_Problem to work on_: Using the data below, show every line where the word "imports" occurs.

_Records supplied_:
:::::

(* Let $r\in\mathbb{N}_0$ and $I=[-1,1]$. (i) If $\lambda\in(-1,1)$, then there exists $f\in C^r(I)$ with $f\equiv0$ on $[-1,\lambda]$ such that there is no $g\in C^{r+1}(I)$ satisfying $g^{(i)}(\lambda)=f^{(i)}(\lambda)$ for $0\le i\le\tilde r$ and $g\ge f$ on $(\lambda-\varepsilon,\lambda+\varepsilon)$ for some $\varepsilon>0$, where $\tilde r:=2\lfloor r/2\rfloor$ (i.e. $\tilde r=r-1$ if $r$ is odd and $\tilde r=r$ if $r$ is even). (ii) If $\lambda=\pm1$, then there exists $f\in C^r(I)$ such that there is no $g\in C^{r+1}(I)$ satisfying $g^{(i)}(\lambda)=f^{(i)}(\lambda)$ for $0\le i\le r$ and $g\ge f$ on $(\lambda-\varepsilon,\lambda+\varepsilon)\cap I$ for some $\varepsilon>0$. *)

theory Defs
  imports "HOL-Analysis.Analysis"
begin

abbreviation I :: "real set" where "I \<equiv> {-1..1}"

text \<open>So f is C^r on S with
  f^(i) = D i on S.\<close>
definition Cr_derivs :: "nat \<Rightarrow> real set \<Rightarrow> (real \<Rightarrow> real) \<Rightarrow> (nat \<Rightarrow> real \<Rightarrow> real) \<Rightarrow> bool" where
  "Cr_derivs r S f D \<longleftrightarrow>
     (\<forall>x\<in>S. D 0 x = f x) \<and>
     (\<forall>i<r. \<forall>x\<in>S. (D i has_real_derivative D (Suc i) x) (at x within S)) \<and>
     (\<forall>i\<le>r. continuous_on S (D i))"

end

theory Submission
  imports Defs
begin
lemma clausen2_has_integral:
  assumes "0 < x" "x \<le> 1"
  shows "((\<lambda>t. - 2 * pi * ln (2 * sin (pi * t))) has_integral clausen2 (2 * pi * x)) {0..x}"
proof -
  define r where "r n = 1 - 1 / (real n + 2)" for n
  have r: "1/2 \<le> r n" "r n < 1" for n
    by (auto simp: r_def field_simps)
  have "r \<longlonglongrightarrow> 1"
    unfolding r_def by real_asymp
  define g where "g = (\<lambda>t::real. - 2 * pi * ln (2 * sin (pi * t)))"
  define h where "h t = 4 * pi * ln 2 + g t" for t
  have "g integrable_on {0..x}"
    using has_integral_integrable[OF ln_two_sin_has_integral[OF assms]] unfolding g_def .
  then have dominant: "h integrable_on {0<..<x}"
    unfolding h_def integrable_on_Icc_iff_Ioo[symmetric] by (intro integrable_add integrable_const_ivl)
  have abel_limit: "(\<lambda>n. clausen2_abel (r n) (2 * pi * x)) \<longlonglongrightarrow> clausen2 (2 * pi * x)"
    using continuous_on_tendsto_compose[OF continuous_on_clausen2_abel \<open>r \<longlonglongrightarrow> 1\<close> _ always_eventually] r
    by (simp add: clausen2_abel_one less_imp_le order_trans[of 0 "1/2"])
  have dominated: "norm (- pi * ln (1 - 2 * r n * cos (2 * pi * t) + (r n)\<^sup>2)) \<le> h t"
    and pointwise: "(\<lambda>n. - pi * ln (1 - 2 * r n * cos (2 * pi * t) + (r n)\<^sup>2)) \<longlonglongrightarrow> g t"
    if "t \<in> {0<..<x}" for n t
  proof -
    have "0 < sin (pi * t)"
      using that assms by (intro sin_gt_zero) auto
    then have "\<bar>ln (1 - 2 * r n * cos (2 * pi * t) + (r n)\<^sup>2)\<bar> \<le> 2 * ln 2 - 2 * ln (sin (pi * t))"
      using abs_ln_abel_kernel_le[of "r n" "2 * pi * t"] r[of n] by simp
    then have "norm (- pi * ln (1 - 2 * r n * cos (2 * pi * t) + (r n)\<^sup>2))
                 \<le> pi * (2 * ln 2 - 2 * ln (sin (pi * t)))"
      by (simp add: abs_mult)
    also have "\<dots> = h t"
      using \<open>0 < sin (pi * t)\<close> by (simp add: h_def g_def ln_mult algebra_simps)
    finally show "norm (- pi * ln (1 - 2 * r n * cos (2 * pi * t) + (r n)\<^sup>2)) \<le> h t" .
    show "(\<lambda>n. - pi * ln (1 - 2 * r n * cos (2 * pi * t) + (r n)\<^sup>2)) \<longlonglongrightarrow> g t"
      using tendsto_mult_left[OF tendsto_ln_abel_kernel[OF \<open>r \<longlonglongrightarrow> 1\<close>, of "2 * pi * t"], of "- pi"]
        \<open>0 < sin (pi * t)\<close> by (simp add: g_def mult_ac)
  qed
  have abel_integral: "((\<lambda>t. - pi * ln (1 - 2 * r n * cos (2 * pi * t) + (r n)\<^sup>2))
                    has_integral clausen2_abel (r n) (2 * pi * x)) {0<..<x}" for n
    using clausen2_abel_has_integral[of "r n" x] r[of n] assms
    by (simp add: has_integral_Icc_iff_Ioo)
  have "(g has_integral clausen2 (2 * pi * x)) {0<..<x}"
    by (rule has_integral_dominated_convergence[OF abel_integral dominant _ _ abel_limit])
       (use dominated pointwise in auto)
  then show ?thesis
    by (simp add: g_def has_integral_Icc_iff_Ioo)
qed

lemma clausen2_eq_zeta_series:
  assumes "0 < x" "x \<le> 1"
  shows "clausen2 (2 * pi * x) = 2 * pi * (x * zeta_series x - x * ln (2 * pi * x) + x)"
  using clausen2_has_integral[OF assms] ln_two_sin_has_integral[OF assms] by (rule has_integral_unique)

lemma clausen2_minus: "clausen2 (- \<theta>) = - clausen2 \<theta>"
proof -
  have "summable (\<lambda>k. 1 / (real (Suc k))\<^sup>2)"
    using inverse_squares_sums by (simp add: sums_iff)
  then have "summable (\<lambda>k. sin (real (Suc k) * \<theta>) / (real (Suc k))\<^sup>2)"
    by (rule summable_comparison_test[rotated]) (auto simp: abs_divide divide_right_mono simp del: of_nat_Suc)
  then show ?thesis
    unfolding clausen2_def by (simp add: suminf_minus)
qed

lemma zeta_term_sums_clausen2:
  assumes "0 < \<bar>x\<bar>" "\<bar>x\<bar> \<le> 1"
  shows "(\<lambda>k. zeta_term k x) sums (ln (2 * pi * \<bar>x\<bar>) - 1 + clausen2 (2 * pi * x) / (2 * pi * x))"
proof -
  have "zeta_series \<bar>x\<bar> = ln (2 * pi * \<bar>x\<bar>) - 1 + clausen2 (2 * pi * \<bar>x\<bar>) / (2 * pi * \<bar>x\<bar>)"
    using clausen2_eq_zeta_series[of "\<bar>x\<bar>"] assms by (simp add: field_simps)
  moreover have "clausen2 (2 * pi * \<bar>x\<bar>) / (2 * pi * \<bar>x\<bar>) = clausen2 (2 * pi * x) / (2 * pi * x)"
    using clausen2_minus[of "2 * pi * x"] by (cases "0 \<le> x") simp_all
  moreover have "zeta_term k \<bar>x\<bar> = zeta_term k x" for k
    by (simp add: zeta_term_def power_even_abs)
  ultimately show ?thesis
    using zeta_term_sums[of "\<bar>x\<bar>"] assms by simp
qed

:::::

_Answer to the exercise_:
  imports "HOL-Analysis.Analysis"
  imports Defs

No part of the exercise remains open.